1. The classic answer is “one”. If the narrator met the others on the road, then they must have been going in the other direction, away from St Ives.
2. But what if the narrator is on horseback, and the others are on foot? Then he could have easily overtaken them on the road.
3. The wording is crafty. The man has seven wives; we’re not told that they’re on the road with him. Maybe they’re at home, fanning themselves in a couch while exclaiming “lack a day!” or whatever women in the 18th century did. Same for sacks, cats, and kitts. “With” is a preposition that can either mean “accompanied by” or “characterized by”, and its usage here is unclear.
4. And all the narrator knows is that these people are on the road to St Ives. They needn’t be going there: maybe they’ll stop halfway, have a picnic, and then go back home. I don’t think there’s anything worth seeing at St Ives.
5. Even as a straightforward multiplication problem, the riddle is confusing. Is the answer 2,802 (the geometric series of wives, sacks, cats, kitts, plus the narrator and the husband?). But surely the 49 sacks don’t add to the count – they’re storage for the cats and kitts – so the answer is 2,753. Except line six explicitly tells us to count the kitts, cats, sacks, and wives…but doesn’t say to include the narrator or the husband. So maybe it’s 2,800.
6. To summarise, the correct answer is 1, 9, 2802, 2753, 2800, 69, 420, 666, 1234567890, and many others besides, your choice of which depends on grammatical and syntactical ambiguities. Being able to calculate correctly is no use in linguistic quicksand.

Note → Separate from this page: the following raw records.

(* Let $\mathcal{A}\in\mathbb{R}^{n_1\times n_2\times n_3}$ be nonzero, and let $\mathcal{A}=\mathcal{U}*\mathcal{S}*\mathcal{V}^*$ be its t-SVD, with singular values in each Fourier-domain slice ordered nonincreasingly, so that $\mathcal{S}(1,1,:)\neq 0$. Define the rank-one tensor $$\mathcal{M}_1=\mathcal{U}(:,1,:)*\frac{\mathcal{S}(1,1,:)}{\|\mathcal{S}(1,1,:)\|_F}*\mathcal{V}(:,1,:)^*.$$ Then $$\langle \mathcal{M}_1,\mathcal{A}\rangle\;\ge\;\frac{\|\mathcal{A}\|_F}{\sqrt{\min(n_1,n_2)}}.$$
   Context: For $\mathcal{A}\in\mathbb{R}^{n_1\times n_2\times n_3}$, $\hat{\mathcal{A}}$ denotes the discrete Fourier transform of $\mathcal{A}$ along the third dimension (applied to every tube $\mathcal{A}(i,j,:)$), with frontal slices $\hat A^{(k)}=\hat{\mathcal{A}}(:,:,k)$. The t-product $\mathcal{A}*\mathcal{B}$ of $\mathcal{A}\in\mathbb{R}^{n_1\times n_2\times n_3}$ and $\mathcal{B}\in\mathbb{R}^{n_2\times l\times n_3}$ is the $n_1\times l\times n_3$ tensor whose Fourier-domain frontal slices are the matrix products $\hat A^{(k)}\hat B^{(k)}$, $k=1,\dots,n_3$ (equivalently, fold(bcirc($\mathcal{A}$)·unfold($\mathcal{B}$))). The conjugate transpose $\mathcal{A}^*$ is obtained by conjugate-transposing each frontal slice and reversing the order of frontal slices $2,\dots,n_3$. A tensor is f-diagonal if each frontal slice is diagonal. The t-SVD is $\mathcal{A}=\mathcal{U}*\mathcal{S}*\mathcal{V}^*$ with $\mathcal{U},\mathcal{V}$ orthogonal ($\mathcal{Q}^**\mathcal{Q}=\mathcal{Q}*\mathcal{Q}^*=\mathcal{I}$, where $\mathcal{I}$ has the identity as first frontal slice and zero elsewhere) and $\mathcal{S}$ f-diagonal; it is obtained from SVDs $\hat A^{(k)}=\hat U^{(k)}\hat S^{(k)}\hat V^{(k)*}$ of the Fourier slices, with the diagonal entries of each $\hat S^{(k)}$ in nonincreasing order. $\langle\cdot,\cdot\rangle$ is the entrywise (Frobenius) inner product and $\|\cdot\|_F$ its norm. *)

theory Defs
  imports Complex_Main
begin

text \<open>Real third-order tensors of size n1 x n2 x n3 are represented as functions
  nat => nat => nat => real; only the entries with indices i < n1, j < n2, k < n3
  (0-based) are meaningful.\<close>

type_synonym tensor = "nat \<Rightarrow> nat \<Rightarrow> nat \<Rightarrow> real"
(* Let $\mathbf{k}$ be an algebraically closed field of prime characteristic $p$, and let $R(p)$ be the Radford algebra over $\mathbf{k}$. Then for every positive integer $n$, the $n$-th higher Frobenius–Schur indicator of $R(p)$ is \[ \nu_n(R(p))=\begin{cases} 1 & \text{if } n\not\equiv 0 \pmod p,\\ 0 & \text{if } n\equiv 0 \pmod p.\end{cases} \]
   Context: The Radford algebra $R(p)$ is the Hopf algebra over $\mathbf{k}$ generated as an algebra by $g,x$ subject to the relations $g^p=1$, $x^p=x$, $gx-xg=g^2-g$ if $p>2$, and $g^2=1$, $x^2=x$, $gx-xg=1-g$ if $p=2$; its coalgebra structure is given by $\Delta(g)=g\otimes g$, $\Delta(x)=x\otimes 1+g\otimes x$, $\varepsilon(g)=1$, $\varepsilon(x)=0$. It has dimension $p^2$ with basis $\{g^ix^j : 0\le i,j\le p-1\}$. For a finite-dimensional Hopf algebra $H$ with multiplication $m$, comultiplication $\Delta$, counit $\varepsilon$ and antipode $S$: let $\Delta^{(1)}=\mathrm{id}$, $\Delta^{(n)}=(\Delta^{(n-1)}\otimes\mathrm{id})\circ\Delta$ for $n\ge 2$, let $m^{(n)}(h_1\otimes\cdots\otimes h_n)=h_1\cdots h_n$, and define the Sweedler power maps $P_0(h)=\varepsilon(h)1_H$ and $P_n=m^{(n)}\circ\Delta^{(n)}$ for $n\ge1$. The $n$-th (higher Frobenius–Schur) indicator of $H$ is $\nu_n(H)=\mathrm{Tr}(S\circ P_{n-1})\in\mathbf{k}$, the trace of the linear map $S\circ P_{n-1}:H\to H$. *)

theory Defs
  imports Main "HOL-Computational_Algebra.Polynomial"
begin
(* With m = min y s, the Gaussian tail estimate
     |\<integral>_{-\<infinity>}^m exp (- (u - \<rho>)\<^sup>2 / 2) / u du| \<le> exp (- (m - \<rho>)\<^sup>2 / 2) / (|m| (\<rho> - m))
   and the bound (min y s)\<^sup>2 for the theta-weights give
     N(y,s)\<^sup>2 |theta y| |theta s| \<le> exp (s\<^sup>2 - 2 \<rho> y - (m - \<rho>)\<^sup>2) / (\<rho> - m)\<^sup>2,
   which is at most exp (2 \<rho> (s - y)) / (\<rho> - s)\<^sup>2 for s \<le> y and exp (y (s - y)) / (\<rho> - y)\<^sup>2 for y < s.
   Integrating first in y, resp. in s, leaves at most 1 / (2 \<rho> (\<rho> - s)\<^sup>2), resp. 1 / (\<rho> - y)\<^sup>2,
   both integrable on (-\<infinity>, 0]. *)

lemma nn_integral_FTC_atMost:
  fixes f :: "real \<Rightarrow> real"
  assumes f_borel: "f \<in> borel_measurable borel"
    and f: "\<And>x. x \<le> b \<Longrightarrow> DERIV F x :> f x"
    and nonneg: "\<And>x. x \<le> b \<Longrightarrow> 0 \<le> f x"
    and lim: "(F \<longlongrightarrow> A) at_bot"
  shows "(\<integral>\<^sup>+x. ennreal (f x) * indicator {..b} x \<partial>lborel) = F b - A"
proof -
  have "(\<integral>\<^sup>+x. ennreal (f x) * indicator {..b} x \<partial>lborel)
      = (\<integral>\<^sup>+x. ennreal (f (- x)) * indicator {- b..} x \<partial>lborel)"
    using nn_integral_real_affine[of "\<lambda>x. ennreal (f x) * indicator {..b} x" "-1" 0] f_borel
    by (simp add: indicator_def minus_le_iff)
  also have "\<dots> = - A - (- F (- (- b)))"
  proof (rule nn_integral_FTC_atLeast)
    show "(\<lambda>x. f (- x)) \<in> borel_measurable borel" using f_borel by measurable
    show "DERIV (\<lambda>x. - F (- x)) x :> f (- x)" if "- b \<le> x" for x
      using that by (auto intro!: derivative_eq_intros DERIV_chain2[OF f])
    show "0 \<le> f (- x)" if "- b \<le> x" for x using that nonneg by simp
    show "((\<lambda>x. - F (- x)) \<longlongrightarrow> - A) at_top"
      by (intro tendsto_minus filterlim_compose[OF lim] filterlim_uminus_at_bot_at_top)
  qed
  finally show ?thesis by simp
qed

lemma nn_integral_exp_affine_Icc:
  fixes a b c d :: real
  assumes "c \<noteq> 0" "a \<le> b"
  shows "(\<integral>\<^sup>+x. ennreal (exp (c * x + d)) * indicator {a..b} x \<partial>lborel)
       = ennreal ((exp (c * b + d) - exp (c * a + d)) / c)"
  using assms
  by (subst nn_integral_FTC_Icc[where F = "\<lambda>x. exp (c * x + d) / c"])
     (auto intro!: derivative_eq_intros simp: diff_divide_distrib)

lemma nn_integral_inverse_square_atMost:
  fixes b c :: real
  assumes "b < c"
  shows "(\<integral>\<^sup>+x. ennreal (1 / (c - x)\<^sup>2) * indicator {..b} x \<partial>lborel) = ennreal (1 / (c - b))"
  using assms
  by (subst nn_integral_FTC_atMost[where F = "\<lambda>x. 1 / (c - x)" and A = 0])
     (auto intro!: derivative_eq_intros simp: power2_eq_square, real_asymp)

lemma one_minus_exp_neg_square_le_abs: "1 - exp (- (x\<^sup>2)) \<le> \<bar>x :: real\<bar>"
proof (cases "\<bar>x\<bar> \<le> 1")
  case True
  have "1 - exp (- (x\<^sup>2)) \<le> x\<^sup>2"
    using exp_ge_add_one_self[of "- (x\<^sup>2)"] by simp
  also have "\<dots> = \<bar>x\<bar> * \<bar>x\<bar>"
    by (simp add: power2_eq_square)
  also have "\<dots> \<le> \<bar>x\<bar>"
    using True by (intro mult_left_le) auto
  finally show ?thesis .
next
  case False
  then show ?thesis
    using exp_gt_zero[of "- (x\<^sup>2)"] by linarith
qed

lemma gaussian_moment_atMost:
  fixes c m :: real
  assumes "m \<le> c"
  shows "set_integrable lborel {..m} (\<lambda>u. (c - u) * exp (- ((u - c)\<^sup>2) / 2))"
    and "(LBINT u:{..m}. (c - u) * exp (- ((u - c)\<^sup>2) / 2)) = exp (- ((m - c)\<^sup>2) / 2)"
proof -
  let ?g = "\<lambda>u. (c - u) * exp (- ((u - c)\<^sup>2) / 2)"
  have "(\<integral>\<^sup>+u. ennreal (indicator {..m} u * ?g u) \<partial>lborel)
      = (\<integral>\<^sup>+u. ennreal (?g u) * indicator {..m} u \<partial>lborel)"
    by (intro nn_integral_cong) (simp split: split_indicator)
  also have "\<dots> = ennreal (exp (- ((m - c)\<^sup>2) / 2))"
  proof (subst nn_integral_FTC_atMost[where F = "\<lambda>u. exp (- ((u - c)\<^sup>2) / 2)" and A = 0])
    show "DERIV (\<lambda>u. exp (- ((u - c)\<^sup>2) / 2)) x :> ?g x" for x
      by (auto intro!: derivative_eq_intros simp: field_simps)
    show "((\<lambda>u. exp (- ((u - c)\<^sup>2) / 2)) \<longlongrightarrow> 0) at_bot"
      by real_asymp
  qed (use assms in auto)
  finally have "has_bochner_integral lborel (\<lambda>u. indicator {..m} u *\<^sub>R ?g u) (exp (- ((m - c)\<^sup>2) / 2))"
    using assms by (intro has_bochner_integral_nn_integral) (auto split: split_indicator)
  then show "set_integrable lborel {..m} ?g" "(LBINT u:{..m}. ?g u) = exp (- ((m - c)\<^sup>2) / 2)"
    by (auto simp: set_integrable_def set_lebesgue_integral_def has_bochner_integral_iff)
qed

(* For u \<le> m < 0 one has 1 / |u| \<le> (c - u) / (|m| (c - m)), which turns the integrand into
   a multiple of the exact derivative of exp (- (u - c)\<^sup>2 / 2). *)
lemma gaussian_div_tail_bound:
  fixes c m :: real
  assumes m: "m < 0" "m < c"
  shows "set_integrable lborel {..m} (\<lambda>u. exp (- ((u - c)\<^sup>2) / 2) / u)"
    and "\<bar>LBINT u:{..m}. exp (- ((u - c)\<^sup>2) / 2) / u\<bar> \<le> exp (- ((m - c)\<^sup>2) / 2) / (- m * (c - m))"
proof -
  let ?f = "\<lambda>u. exp (- ((u - c)\<^sup>2) / 2) / u"
  let ?g = "\<lambda>u. (c - u) * exp (- ((u - c)\<^sup>2) / 2) / (- m * (c - m))"
  have pointwise: "\<bar>?f u\<bar> \<le> ?g u" if "u \<in> {..m}" for u
  proof -
    have "1 / - u \<le> 1 / - m"
      using that m by (intro divide_left_mono) (auto intro!: mult_neg_neg)
    also have "\<dots> \<le> (c - u) / (- m * (c - m))"
      using that m by (simp add: field_simps)
    finally have *: "1 / - u \<le> (c - u) / (- m * (c - m))" .
    have "\<bar>?f u\<bar> = exp (- ((u - c)\<^sup>2) / 2) * (1 / - u)"
      using that m by (simp add: abs_divide)
    also have "\<dots> \<le> exp (- ((u - c)\<^sup>2) / 2) * ((c - u) / (- m * (c - m)))"
      using * by (intro mult_left_mono) auto
    also have "\<dots> = ?g u"
      by simp
    finally show ?thesis .
  qed
  have g: "set_integrable lborel {..m} ?g"
    using gaussian_moment_atMost(1)[of m c] m by (intro set_integrable_divide) simp
  show f: "set_integrable lborel {..m} ?f"
  proof (rule set_integrable_bound[OF g])
    show "set_borel_measurable lborel {..m} ?f"
      by (simp add: set_borel_measurable_def)
    show "AE u in lborel. u \<in> {..m} \<longrightarrow> norm (?f u) \<le> norm (?g u)"
    proof (intro AE_I2 impI)
      fix u :: real assume "u \<in> {..m}"
      from pointwise[OF this] show "norm (?f u) \<le> norm (?g u)"
        unfolding real_norm_def by (rule order_trans) (rule abs_ge_self)
    qed
  qed
  have "\<bar>LBINT u:{..m}. ?f u\<bar> \<le> (LBINT u:{..m}. \<bar>?f u\<bar>)"
    using set_integral_norm_bound[OF f] by simp
  also have "\<dots> \<le> (LBINT u:{..m}. ?g u)"
    by (rule set_integral_mono[OF set_integrable_abs[OF f] g pointwise])
  also have "\<dots> = exp (- ((m - c)\<^sup>2) / 2) / (- m * (c - m))"
    using gaussian_moment_atMost(2)[of m c] m by (simp only: set_integral_divide_zero)
  finally show "\<bar>LBINT u:{..m}. ?f u\<bar> \<le> exp (- ((m - c)\<^sup>2) / 2) / (- m * (c - m))" .
qed
lemma prob_reached_while_le_exp:
  fixes f :: "config \<Rightarrow> real"
  assumes Inv_step: "\<And>x y. Inv x \<Longrightarrow> y \<in> set_pmf (step p n x) \<Longrightarrow> Inv y"
    and drift: "\<And>x. Inv x \<Longrightarrow> G x \<Longrightarrow> \<not> A x \<Longrightarrow>
      (\<integral>\<^sup>+y. ennreal (exp (f y)) \<partial>step p n x) \<le> ennreal (exp (f x + D))"
    and target: "\<And>x. Inv x \<Longrightarrow> A x \<Longrightarrow> h \<le> f x"
    and "0 \<le> D" "Inv x0"
  shows "measure_pmf.prob (run p n x0 N) (reached_while G A) \<le> exp (f x0 - h + real N * D)"
proof -
  define F where "F = (\<lambda>t y. exp (f y - real t * D))"
  have "ennreal (exp (h - real N * D)) * emeasure (run p n x0 N) (reached_while G A)
      \<le> ennreal (F 0 x0)"
  proof (rule emeasure_reached_while_le[where Inv=Inv and T=N])
    fix t x assume "Inv x" "G x" "\<not> A x"
    have "(\<integral>\<^sup>+y. ennreal (F (Suc t) y) \<partial>step p n x) =
        (\<integral>\<^sup>+y. ennreal (exp (f y)) * ennreal (exp (- real (Suc t) * D)) \<partial>step p n x)"
      by (intro nn_integral_cong) (simp add: F_def ennreal_mult[symmetric] exp_add[symmetric] algebra_simps)
    also have "\<dots> = (\<integral>\<^sup>+y. ennreal (exp (f y)) \<partial>step p n x) * ennreal (exp (- real (Suc t) * D))"
      by (simp add: nn_integral_multc)
    also have "\<dots> \<le> ennreal (exp (f x + D)) * ennreal (exp (- real (Suc t) * D))"
      using drift[OF \<open>Inv x\<close> \<open>G x\<close> \<open>\<not> A x\<close>] by (intro mult_right_mono) auto
    also have "\<dots> = ennreal (F t x)"
      by (simp add: F_def ennreal_mult[symmetric] mult_exp_exp algebra_simps)
    finally show "(\<integral>\<^sup>+y. ennreal (F (Suc t) y) \<partial>step p n x) \<le> ennreal (F t x)" .
  next
    fix t x assume "Inv x" "A x" "t \<le> N"
    then have "real t * D \<le> real N * D" using \<open>0 \<le> D\<close> by (intro mult_right_mono) auto
    then show "exp (h - real N * D) \<le> F t x" using target[OF \<open>Inv x\<close> \<open>A x\<close>] by (simp add: F_def)
  qed (use assms in auto)
  then have "exp (h - real N * D) * measure_pmf.prob (run p n x0 N) (reached_while G A) \<le> F 0 x0"
    by (simp add: measure_pmf.emeasure_eq_measure ennreal_mult[symmetric] F_def)
  then show ?thesis
    by (simp add: F_def field_simps exp_diff exp_add)
qed

definition opinion_count :: "nat \<Rightarrow> config \<Rightarrow> nat \<Rightarrow> nat" where
  "opinion_count n x i = card {v\<in>{..<n}. x v = i}"

definition collisions :: "nat \<Rightarrow> config \<Rightarrow> real" where
  "collisions n x = (\<Sum>w<n. real (opinion_count n x (x w)))"

definition valid_config :: "nat \<Rightarrow> nat \<Rightarrow> config \<Rightarrow> bool" where
  "valid_config n k x \<longleftrightarrow> (\<forall>v<n. x v \<in> {1..k})"

lemma alpha_eq_opinion_count: "alpha n x i = real (opinion_count n x i) / real n"
  by (simp add: alpha_def opinion_count_def)

lemma alpha_le_mult_alpha_iff:
  "n > 0 \<Longrightarrow> alpha n x i \<le> a * alpha n y j \<longleftrightarrow>
     real (opinion_count n x i) \<le> a * real (opinion_count n y j)"
  unfolding alpha_eq_opinion_count times_divide_eq_right by (simp add: divide_le_cancel)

In infosec you sometimes hear the analogy “steel door in a cardboard wall” – a security system attempting to defend a space that’s indefensible. Here, mathematics is like a steel-framed bridge spanning two cliffs of chalk. You can use a calculator to add up numbers. You can create a futuristic quantum D-wave supercomputer with no purpose except to add up numbers. It won’t help. There’s no way to know how many people were going to St Ives, because the answer is ultimately found not in mathematics but in the capricious winds of the English language.